Lymphedema is pronounced: "lim-fe-de-ma", or in Europe “lim-feed-emma”. Lymphedema is the swelling and soft tissue changes that occur in the area of the body where injury has occurred to the lymphatic system.  LYMPH is a clear fluid that carries proteins and other materials back to the heart through the lymphatic system.  EDEMA is swelling.


I was first trained in how to treat lymphedema, by my good friend, Doctor Marisa Perdomo, a physical therapist who now teaches at the University of California.  She was certified at the Földi Klinic in Hinterzarten, Germany, and encouraged me to do the same training.  I spent the month of May in 1999 studying at the Földi Klinic and am now a Certified Lymphedema Therapist (CLT) or CLT-Földi.  I have taught at the University of Puget Sound in Tacoma, Washington, and throughout the United States teaching other medical professionals edema management strategies or how to treat edema or swelling problems.  I consider myself a swelling specialist.  What I have really worked at is to teach patients how to manage their own swelling problem to the best of their ability and the best of their desire.

The Circulatory and Lymphatic Systems

The heart pumps blood out into the body through the arteries–similar to a series of hoses that become progressively smaller until they are more narrow like the smallest part of a feather.  The smallest diameter artery is called an arteriole.  Once the blood reaches the arterioles it gets pumped out into the tissue space surrounding the other tubes and muscles and structure.  These tissue spaces are called the “interstitial space or interstitium” (think of this as a holding pond).  The arterioles connect to venules, which are the smallest part of the veins that get progressively bigger.  The veins get larger closer to the heart.  The veins or venous system carry most of the blood back to the heart.

In the tissue space surrounding the arterioles and venules, 90% of the blood is pulled back into the veins and returned to the heart.  However, the holding pond has 10% of the fluid remaining which has protein molecules from the blood that are too big to fit back into the veins.  The primary job of the lymphatic system is to carry these proteins back to the heart where they can rejoin the circulatory system.  The protein molecules cause a proliferation of scar tissue, which can harden and develop fibrosis, a significant hardness.

The lymphatic vessels are similar to the arteries in that they have muscles and contract or pump like arteries.  Like veins, lymphatic vessels have valves that shut and help propel the lymph fluid back up to the heart.  The lymphatic collecting vessels connect to lymph nodes.  Lymph fluid stops on the way back to the heart at the lymph nodes to clean the fluid and dispose of the nasty bits such as cancer cells and bacteria cells, working like a garbage disposal.  This is part of the immune system keeping your body healthy.  The last part of the lymphatic system is at the large veins below the collar bones where the lymph fluid joins back into the veins and returns to the heart to rejoin the circulatory system and recirculate.
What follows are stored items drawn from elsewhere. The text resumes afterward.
(* Let $G$ be an unweighted undirected $n$-vertex graph, let $A$ be a $\beta$-additive clustering-based spanner of $G$ with clustering $\mathcal{C}$ and center map $\mathrm{cnt}$, and let $M$ be an $\alpha$-multiplicative EFT spanner of $G$. Let $H$ be the graph returned by Algorithm 2 (described in the context). Then $H$ has $O(|E(A)|+|E(M)|+n+|\mathcal{C}|^2)$ edges, and $H$ is a $(2\beta+\max\{2,\alpha-3\})$-additive EFT spanner of $G$, i.e. for every $e\in E(G)$ and all $s,t$ connected in $G-e$, $d_{H-e}(s,t)\le d_{G-e}(s,t)+2\beta+\max\{2,\alpha-3\}$.
   Context: $d_X$ is shortest-path distance in $X$; $|\pi|$ is the number of edges of path $\pi$. An $\alpha$-multiplicative EFT spanner is a subgraph $M$ with $d_{M-e}(s,t)\le\alpha\,d_{G-e}(s,t)$ for all edges $e$ and vertices $s,t$. A clustering of $G$ is a partition $\mathcal{C}$ of a subset of $V(G)$ into clusters; each cluster $C$ has a designated center vertex in $C$, and for a clustered vertex $v$, $\mathrm{cnt}(v)$ is the center of its cluster; every non-center clustered vertex is adjacent in $G$ to its center. Unclustered vertices are those in no cluster. A $\beta$-additive spanner $A$ (i.e. $d_A(u,v)\le d_G(u,v)+\beta$ for all $u,v$) is clustering-based with clustering $\mathcal{C}$ if: (i) $A$ contains all edges of $G$ incident to unclustered vertices; (ii) $A$ contains every edge $(v,\mathrm{cnt}(v))$ for clustered $v\neq\mathrm{cnt}(v)$; (iii) for all $u,v\in V(G)$ with $v$ clustered there is a path $\tilde\pi(u,v)$ in $A$ satisfying one of: (P1) $|\tilde\pi(u,v)|\le d_G(u,v)+\beta-2$; (P2) $|\tilde\pi(u,v)|=d_G(u,v)+\beta-1$ and either $v=\mathrm{cnt}(v)$ or the last edge of $\tilde\pi(u,v)$ is $(\mathrm{cnt}(v),v)$; (P3) $|\tilde\pi(u,v)|=d_G(u,v)+\beta$, $v\ne\mathrm{cnt}(v)$, and the last edge of $\tilde\pi(u,v)$ is $(\mathrm{cnt}(v),v)$. For clusters $C,C'$ let $\delta(C,C')$ be the set of edges of $G$ with one endpoint in $C$ and the other in $C'$. Algorithm 2: start with $E'=\emptyset$. For every cluster $C$ and every $v\in C$, if there is an edge $(v,x)\in E(G)$ with $x\in C\setminus\{\mathrm{cnt}(v)\}$, add one such edge to $E'$. For every pair of distinct clusters $C,C'$: if $\delta(C,C')$ contains two vertex-disjoint edges, add two such edges to $E'$; else if it contains two distinct edges, add two such edges; otherwise add all of $\delta(C,C')$ (at most one edge). Return $H=(V(G),E'\cup E(M)\cup E(A))$. *)

theory Defs
  imports Main "HOL-Library.Extended_Nat"
begin
(* Assume the convex setting described in the context. Suppose that on every compact set $X\subseteq\operatorname{dom}F$ the following hold: (C1) for every $x\in X$ the moment generating function $M_x(t)=\mathbb{E}[e^{t(f_\xi(x)-F(x))}]$ is finite for all $t$ in a neighborhood of $0$; (C2) there is a measurable $\kappa:\Xi\to\mathbb{R}_+$ with $\mathbb{E}[\kappa(\xi)]=L<\infty$ such that $f_\xi$ is $\kappa(\xi)$-Lipschitz on $X$ for all $\xi$; (C3) $\mathbb{E}[e^{t\kappa(\xi)}]$ is finite for all $t$ in a neighborhood of $0$. If the set $\mathcal{X}^*$ of optimal solutions of $\inf_{x\in\mathcal X}F(x)$ is contained in the interior of $\operatorname{dom}F$, then there exist positive constants $C$ and $\beta$, independent of $N$, such that \[\mathbb{P}^N\{d(x^*(\xi^{[N]}))<1\}\le Ce^{-N\beta}.\]
   Context: Setting: $\mathcal{X}\subseteq\mathbb{R}^n$ is a nonempty closed convex set; $\xi$ is a random vector with support $\Xi$ and distribution $\mathbb P$; for each $\xi\in\Xi$, $f_\xi:\mathbb{R}^n\to\mathbb{R}\cup\{+\infty\}$ is convex; $F(x)=\mathbb{E}[f_\xi(x)]$, with $F>-\infty$ everywhere and $F(x)<+\infty$ for some $x\in\mathcal X$; $\operatorname{dom}F=\{x:F(x)<+\infty\}$; the optimal set $\mathcal X^*$ of $\inf_{x\in\mathcal X}F(x)$ is nonempty and compact. $\xi^{[N]}=(\xi^1,\dots,\xi^N)$ is an i.i.d. sample with product measure $\mathbb P^N$, $\hat F_N(x)=\frac1N\sum_{i=1}^Nf_{\xi^i}(x)$, and $x^*(\xi^{[N]})$ is an optimal solution of the SAA problem $\inf_{x\in\mathcal X}\hat F_N(x)$ (assigned to each sample, with $\hat F_N(x^* )<+\infty$). Degree of feasibility: $d(x^*(\xi^{[N]}))=\mathbb{P}\{\xi\in\Xi:f_\xi(x^*(\xi^{[N]}))<+\infty\}$. *)

theory Defs
  imports "HOL-Probability.Probability"
begin

definition ext_convex :: "('a::real_vector \<Rightarrow> ereal) \<Rightarrow> bool" where
  "ext_convex g \<longleftrightarrow>
     (\<forall>x y t. 0 \<le> t \<and> t \<le> 1 \<longrightarrow>
        g ((1 - t) *\<^sub>R x + t *\<^sub>R y) \<le> ereal (1 - t) * g x + ereal t * g y)"

definition ext_expectation :: "'b measure \<Rightarrow> ('b \<Rightarrow> ereal) \<Rightarrow> ereal" where
  "ext_expectation M g =
     enn2ereal (\<integral>\<^sup>+ \<omega>. e2ennreal (g \<omega>) \<partial>M) - enn2ereal (\<integral>\<^sup>+ \<omega>. e2ennreal (- g \<omega>) \<partial>M)"

definition Fobj :: "'b measure \<Rightarrow> ('b \<Rightarrow> 'a \<Rightarrow> ereal) \<Rightarrow> 'a \<Rightarrow> ereal" where
  "Fobj M f x = ext_expectation M (\<lambda>\<omega>. f \<omega> x)"

definition domF :: "'b measure \<Rightarrow> ('b \<Rightarrow> 'a \<Rightarrow> ereal) \<Rightarrow> 'a set" where
  "domF M f = {x. Fobj M f x < \<infinity>}"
Causes of Lymphedema--injury to the lymphatic system

Most lymph vessels are just under the skin, therefore any trauma that damages the skin can cause trauma to the lymphatic system.  For example, radiation to the skin, any surgery, significant trauma, infections, pregnancy, obesity, or surgical removal of lymph nodes can injure the lymphatic system.  Congenital malformations of the lymph nodes or lymphatic vessels can also cause lymphedema.  If lymph nodes are removed, swelling can occur in the area that typically drains lymph fluid to those lymph nodes.  The arm or chest can swell if the lymph nodes in the armpit are removed typically with breast cancer.  Even if no lymph nodes were removed but a patient with cancer receives radiation, this can be enough of an injury to the lymphatic system to develop lymphedema.

A person who has surgery to a knee or ankle can develop lymphedema especially if they have a congenital problem with their lymph nodes, such as too few or inefficient lymph vessels or nodes.  They can also develop lymphedema if they already have chronic venous insufficiency.  If a person has a healthy lymphatic system but has a significant trauma such as serious burns or a motorcycle accident and the skin is badly damaged can also lead to lymphedema.

Time frame for developing Lymphedema

Lymphedema can develop any time after the injury to the lymphatic system.  It can occur immediately following a surgery (especially for cancer if lymph nodes were removed) or many years later.  Individuals with congenital problems with the lymphatic system can show signs of lymphedema at birth or around puberty.   The greatest amount of lymph fluid your lymphatic system can transport is called your transport capacity.  The amount of lymph fluid flowing in your body at any given time is known as your lymphatic load.  As long as the lymphatic load remains below the transport capacity, no swelling will develop. With a decrease in your transport capacity (injury to your lymphatic system) any increases in the lymphatic load can overload the lymphatic system and lymphedema will result.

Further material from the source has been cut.